## A story about Katherine

**Katherine** went to the concert to see '**Catheryn** and the **Cathryns**'. She ran into her friend **Kathryn**, who introduced **Katherine** to her friend **Catherine**. Together, they enjoyed the concert while texting inaudible snippets to their mutual friend, **Kathrin**. Their mercurial friend, **katharine**, felt left out.

#### Find all instances of "Katherine"

In [1]:
story = "Katherine went to the concert to see 'Catheryn and the Cathryns'. She ran into her friend Kathryn, who introduced Katherine to her friend Catherine. Together, they enjoyed the concert while texting inaudible snippets to their mutual friend, Kathrin.
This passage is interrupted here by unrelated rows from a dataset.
(* Let $\varphi^{(1)},\varphi^{(2)},\varphi^{(3)},\dots$ be independent commuting variables, put $\varphi^{(-1)}=1$, $\varphi^{(0)}=0$, and let $$\varphi(\lambda)=\frac1\lambda+\sum_{k\ge1}\varphi^{(k)}\lambda^k,\qquad \varphi_\lambda=\frac{d\varphi}{d\lambda}=-\frac1{\lambda^2}+\sum_{k\ge1}k\varphi^{(k)}\lambda^{k-1}.$$ For $n\in\mathbb Z$ let $f_n=\mathfrak P_\varphi(\lambda^n\varphi_\lambda)$ (notation in the context), and let $S^{(n)}=\partial_{f_{1-n}}$. Then for all $n,m\in\mathbb Z$, $$[S^{(n)},S^{(m)}]=(m-n)\,S^{(n+m)},$$ i.e. the $S^{(n)}$, $n\in\mathbb Z$, span a Lie algebra with the commutation relations of the Witt algebra.
   Context: All series have coefficients in the polynomial ring $R=\mathbb R[\varphi^{(1)},\varphi^{(2)},\dots]$. Let $w(\lambda)=1/\varphi(\lambda)=\lambda+O(\lambda^3)$, a power series in $\lambda$ without constant term. Every formal Laurent series $F$ in $\lambda$ with finitely many negative powers and coefficients in $R$ can be written uniquely as $F=\sum_{k\le m}c_k\,\varphi(\lambda)^k$ with $c_k\in R$ independent of $\lambda$ (i.e. as a Laurent series in $w$); write $[\varphi^k]F=c_k$, $P_\varphi F=\sum_{k=0}^{m}c_k\varphi(\lambda)^k$ and $\mathfrak P_\varphi F=F-P_\varphi F$. Then $\mathfrak P_\varphi F$ is a power series in $\lambda$ with no constant term (lowest order $\ge1$); in particular $f_n=\lambda^n\varphi_\lambda$ for $n\ge3$. For a formal series $f=\sum_{i\ge1}f^{(i)}\lambda^i$ with $f^{(i)}\in R$, $\partial_f$ denotes the derivation $\sum_{i\ge1}f^{(i)}\,\partial/\partial\varphi^{(i)}$ of $R$ (it acts on series coefficientwise). (In the paper, $\varphi^{(1)}=-y$, $\varphi^{(2)}=-x$, $\varphi^{(3)}=-z-y^2/2$ and $\varphi^{(k)}$, $k\ge4$, are nonlocal variables of a covering of the Gibbons–Tsarev equation, and the $S^{(n)}$ are the corresponding nonlocal symmetries written in these coordinates.) *)

theory Defs
  imports "HOL-Library.Poly_Mapping" "HOL-Computational_Algebra.Formal_Laurent_Series"
begin

text \<open>The coefficient ring R = real[phi1, phi2, ...]: polynomials in countably many
  commuting variables, represented as finitely supported maps from monomials
  (finitely supported exponent vectors nat =>0 nat) to real coefficients.
  The variable with index 0 is not part of R; the carrier predicate in_R excludes it.\<close>

type_synonym R = "(nat \<Rightarrow>\<^sub>0 nat) \<Rightarrow>\<^sub>0 real"

definition var :: "nat \<Rightarrow> R" where
  "var k = Poly_Mapping.single (Poly_Mapping.single k 1) 1"

definition in_R :: "R \<Rightarrow> bool" where
  "in_R p \<longleftrightarrow> (\<forall>m \<in> Poly_Mapping.keys p. Poly_Mapping.lookup m 0 = 0)"

definition pd :: "nat \<Rightarrow> R \<Rightarrow> R" where
  "pd i p = (\<Sum>m\<in>Poly_Mapping.keys p.
      Poly_Mapping.single (m - Poly_Mapping.single i 1) (Poly_Mapping.lookup p m * real (Poly_Mapping.lookup m i)))"

definition phi :: "R fls" where
  "phi = fls_X_inv + fps_to_fls (Abs_fps (\<lambda>k. if k = 0 then 0 else var k))"

definition phi_lam :: "R fls" where
  "phi_lam = fls_deriv phi"

definition wser :: "R fls" where
  "wser = (THE w. w * phi = 1)"

definition phipow :: "int \<Rightarrow> R fls" where
  "phipow k = (if 0 \<le> k then phi ^ nat k else wser ^ nat (- k))"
Their mercurial friend, katharine, cried in the bathtub"

In [4]:
import re
attempt1 = re.compile('[ck]+ath[aey]?r[eiy]ne*\w*', re.I)
match1 = re.findall(attempt1, story)
print(match1)
print(len(match1))

['Katherine', 'Catheryn', 'Cathryns', 'Kathryn', 'Katherine', 'Catherine', 'Kathrin', 'katharine']
8


In [5]:
attempt2 = re.compile('[ck]ath\w+', re.I)
match2 = re.findall(attempt2, story)
print(match2)
print(len(match2))

['Katherine', 'Catheryn', 'Cathryns', 'Kathryn', 'Katherine', 'Catherine', 'Kathrin', 'katharine']
8


## Load Python's `re` module

- Regular expression functions are not loaded by default
- Need to load the `re` module at the beginning of your script

In [6]:
import re

## Regular expressions
- A regular expression, or _pattern_, is a construct that either matches – or doesn't match – all of or, more typically, part of a string
- String matching is an all or nothing proposition
    - matches return a match object that we can work with
    - non-matches return None, which evaluates as False

## Regular expressions are often embedded within conditionals

if re.search("pattern", string): do something else: do something different

## Exact matches are trivial

In [9]:
artist = 'Alicia.Keys'
if(re.search('Key', artist)):
    print("Found a match!")

Found a match!


## Metacharacters
   - special characters (metacharacters) and character classes to help you search for more complex patterns
   - **character class**: a list of possible characters inside square brackets [ ]
   - matches any single character within the class

        - [ACGTacgt]
        - [abcwxyz6789]
        - [a-cw-z6-9]
        - [ \t\n]

---

   - you can negate a character class to look for everything **but** the characters in your character class
        - [^ACGTacgt] (does my DNA sequence have non-nucleotide characters?)
        - [^ \t\n]

In [10]:
# find any uppercase letter
match = re.search("[A-Z]", artist)

# print the match (object)
print(artist)
print(match)

Alicia.Keys
<re.Match object; span=(0, 1), match='A'>


## How to find all the matches in a string

In [12]:
dna = 'ACGTRTAANNNNNNNNNNNNNNNNNNNNNNNNNN'
match = re.findall("[^ACGT]", dna)

# the match is returned in a list
print(match)

# print the first match
print(match[0])
print(match.count('N'))
print(match.count('N')/len(dna))

['R', 'N', 'N', 'N', 'N', 'N', 'N', 'N', 'N', 'N', 'N', 'N', 'N', 'N', 'N', 'N', 'N', 'N', 'N', 'N', 'N', 'N', 'N', 'N', 'N', 'N', 'N']
R
26
0.7647058823529411


## Character class shortcuts

| Shortcut | Character class | Description                |
| :------: | :-------------- | :------------------------- |
| \d       | [0-9]           | a digit                    |
| \D       | [^0-9]          | a non-digit                |
| \s       | [ \t\n\r\f]     | a whitespace character     |
| \S       | [^ \t\n\r\f]    | a non-whitespace character |
| \w       | [a-zA-Z0-9]     | a 'word' character         |
| \W       | [^a-zA-Z0-9]    | a 'non-word' character     |


## Find non-word characters

In [16]:
my_string = 'AcgTaaC&&9\\t----653\\\\\\\\-\\n'
match = re.findall("[\W'\']", my_string)

for i in match:
    print(i)

&
&
\
-
-
-
-
\
\
\
\
-
\


## Metacharacters

These characters serve a function when used in regular expressions: 

        \  |  (  )  [  ]  {  }  ^  $  *  +  ?  .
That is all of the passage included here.